Telstar is known to be Margaret Thatcher's favourite pop record, though I cannot find where she said this. It was not during her appearance on Desert Island Discs.
When choosing The Shadows' Wonderful Land I suggested that tune shared a quality of "innocent optimism" with Telstar. That is not a quality one easily associates with Margaret Thatcher.
If you have seen Telstar: The Joe Meek Story you will know Telstar reached number one in the UK and America, but that the money from these sales was held up by a law suit brought by a French composer. claimed that Telstar owed too much to his music for the film "Austerlitx".
The webpages for True Blue: A musical about Margaret Thatcher draws a political lesson from this:
In a nutshell there is the Thatcher ethos at home and abroad; British ingenuity and small business chutzpah is appreciated in America but strangled by the envious French.
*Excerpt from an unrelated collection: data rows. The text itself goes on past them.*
lemma syst_tendsto_of_close:
  fixes A :: "real^'n^'n" and B :: "nat \<Rightarrow> real^'n^'n"
  assumes \<delta>: "\<delta> \<longlonglongrightarrow> 0" "\<And>k. 0 \<le> \<delta> k" "\<And>k. close_within (\<delta> k) A (B k)"
    and j: "eventually (\<lambda>k. j k \<le> CARD('n) \<and> syst (j k) A = s) sequentially"
  shows "(\<lambda>k. syst (j k) (B k)) \<longlonglongrightarrow> s"
proof (rule real_tendsto_sandwich)
  show "eventually (\<lambda>k. (1 - \<delta> k) * s \<le> syst (j k) (B k)) sequentially"
    using j order_tendstoD(2)[OF \<delta>(1) zero_less_one]
  proof eventually_elim
    case (elim k)
    thus ?case using syst_close_within(2)[OF \<delta>(3)[of k] \<delta>(2)[of k], of "j k"] by simp
  qed
  show "eventually (\<lambda>k. syst (j k) (B k) \<le> (1 + \<delta> k) * s) sequentially"
    using j
  proof eventually_elim
    case (elim k)
    thus ?case using syst_close_within(1)[OF \<delta>(3)[of k] \<delta>(2)[of k], of "j k"] by simp
  qed
  have "(\<lambda>k. (1 - \<delta> k) * s) \<longlonglongrightarrow> (1 - 0) * s" and "(\<lambda>k. (1 + \<delta> k) * s) \<longlonglongrightarrow> (1 + 0) * s"
    by (intro tendsto_intros \<delta>(1))+
  thus "(\<lambda>k. (1 - \<delta> k) * s) \<longlonglongrightarrow> s" and "(\<lambda>k. (1 + \<delta> k) * s) \<longlonglongrightarrow> s" by simp_all
qed

theorem filtration_stability:
  fixes B :: "nat \<Rightarrow> real^'n^'n" and A :: "real^'n^'n"
  assumes "invertible A" "B \<longlonglongrightarrow> A"
  shows "\<exists>k0.
     (\<forall>k\<ge>k0. \<forall>i\<in>{1..CARD('n)}. \<exists>!c. c \<in> {1..CARD('n)} \<and> Lam c (B k) = Lam i A \<and>
          (c \<noteq> CARD('n) \<longrightarrow> Lam (c + 1) (B k) \<noteq> Lam i A)) \<and>
     (\<forall>i\<in>{1..CARD('n)}. \<forall>i'. i' \<in> {1..CARD('n)} \<and> syst i' A = syst i A \<and>
          (\<forall>m\<in>{1..CARD('n)}. syst m A = syst i A \<longrightarrow> i' \<le> m) \<longrightarrow>
        (\<forall>j :: nat \<Rightarrow> nat. (\<forall>k\<ge>k0. kappa (B k) A (i' - 1) < j k \<and> j k \<le> kappa (B k) A i) \<longrightarrow>
           (\<lambda>k. syst (j k) (B k)) \<longlonglongrightarrow> syst i A))"
proof -
  have A: "bounded_below_matrix A" using assms(1) by (rule invertible_imp_bounded_below)
  obtain \<delta> where \<delta>: "\<delta> \<longlonglongrightarrow> 0" "\<And>k. 0 \<le> \<delta> k" "\<And>k. close_within (\<delta> k) A (B k)"
    using tendsto_imp_close_within[OF A assms(2)] by blast
  obtain k0 where stable: "\<And>k. k \<ge> k0 \<Longrightarrow> \<forall>i\<in>{1..CARD('n)}. Lam_stable (B k) A i"
    using eventually_Lam_stable[OF A \<delta>] unfolding eventually_sequentially by blast
  show ?thesis
  proof (intro exI[of _ k0] conjI allI impI ballI)
    fix k i assume "k0 \<le> k" "i \<in> {1..CARD('n)}"
    thus "\<exists>!c. c \<in> {1..CARD('n)} \<and> Lam c (B k) = Lam i A \<and> (c \<noteq> CARD('n) \<longrightarrow> Lam (c + 1) (B k) \<noteq> Lam i A)"
      using kappa_of_stable(1)[OF A] stable by simp
  next
    fix i i' and j :: "nat \<Rightarrow> nat"
    assume i: "i \<in> {1..CARD('n)}"
      and i': "i' \<in> {1..CARD('n)} \<and> syst i' A = syst i A \<and> (\<forall>m\<in>{1..CARD('n)}. syst m A = syst i A \<longrightarrow> i' \<le> m)"
      and j: "\<forall>k\<ge>k0. kappa (B k) A (i' - 1) < j k \<and> j k \<le> kappa (B k) A i"
    have first: "\<forall>m\<in>{1..CARD('n)}. syst m A = syst i' A \<longrightarrow> i' \<le> m" using i' by simp
    have block: "j k \<le> CARD('n) \<and> syst (j k) A = syst i A" if "k \<ge> k0" for k
    proof -
      have "kappa (B k) A (i' - 1) = i' - 1"
        using kappa_before_first_index[OF A _ first stable[OF that]] i' by blast
      moreover have "kappa (B k) A i = dim (Lam i A)"
        using kappa_of_stable(2)[OF A i] stable[OF that] i by blast
      ultimately have "i' \<le> j k" "j k \<le> dim (Lam i A)" using j that by auto
      moreover have "dim (Lam i A) \<le> CARD('n)" by (rule dim_subset_UNIV_cart)
      ultimately show ?thesis using syst_constant_on_block[OF i, where A = A and i' = i' and j = "j k"] i' by auto
    qed
    show "(\<lambda>k. syst (j k) (B k)) \<longlonglongrightarrow> syst i A"
      by (rule syst_tendsto_of_close[OF \<delta>]) (use block in \<open>auto simp: eventually_sequentially\<close>)
  qed
qed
The whole of her foreign policy was guided by such instincts and the memory of Joe Meek.
Margaret Thatcher apparently mentioned Telstar in an unlikely 1987 interview with Smash Hits that was republished last week in the Guardian.
ReplyDeletehttp://www.guardian.co.uk/music/2013/apr/09/margaret-thatcher-smash-hits-interview
Of course one should associate "innocent optimism" with M. Thatcher. The other parties insisted on managed decline with the lousy failed ways of the last 35 years and Thatcher insisted on something different which was never guaranteed to work, but did. Thatcher herself had never experienced anything other than the Attleeite consensus since she was 17, so it wasn't clear another way would work - the fact no-one - not Blair's Government, not Sir Keith's - goes back to that consensus (except on the failed NHS) is evidence it did work.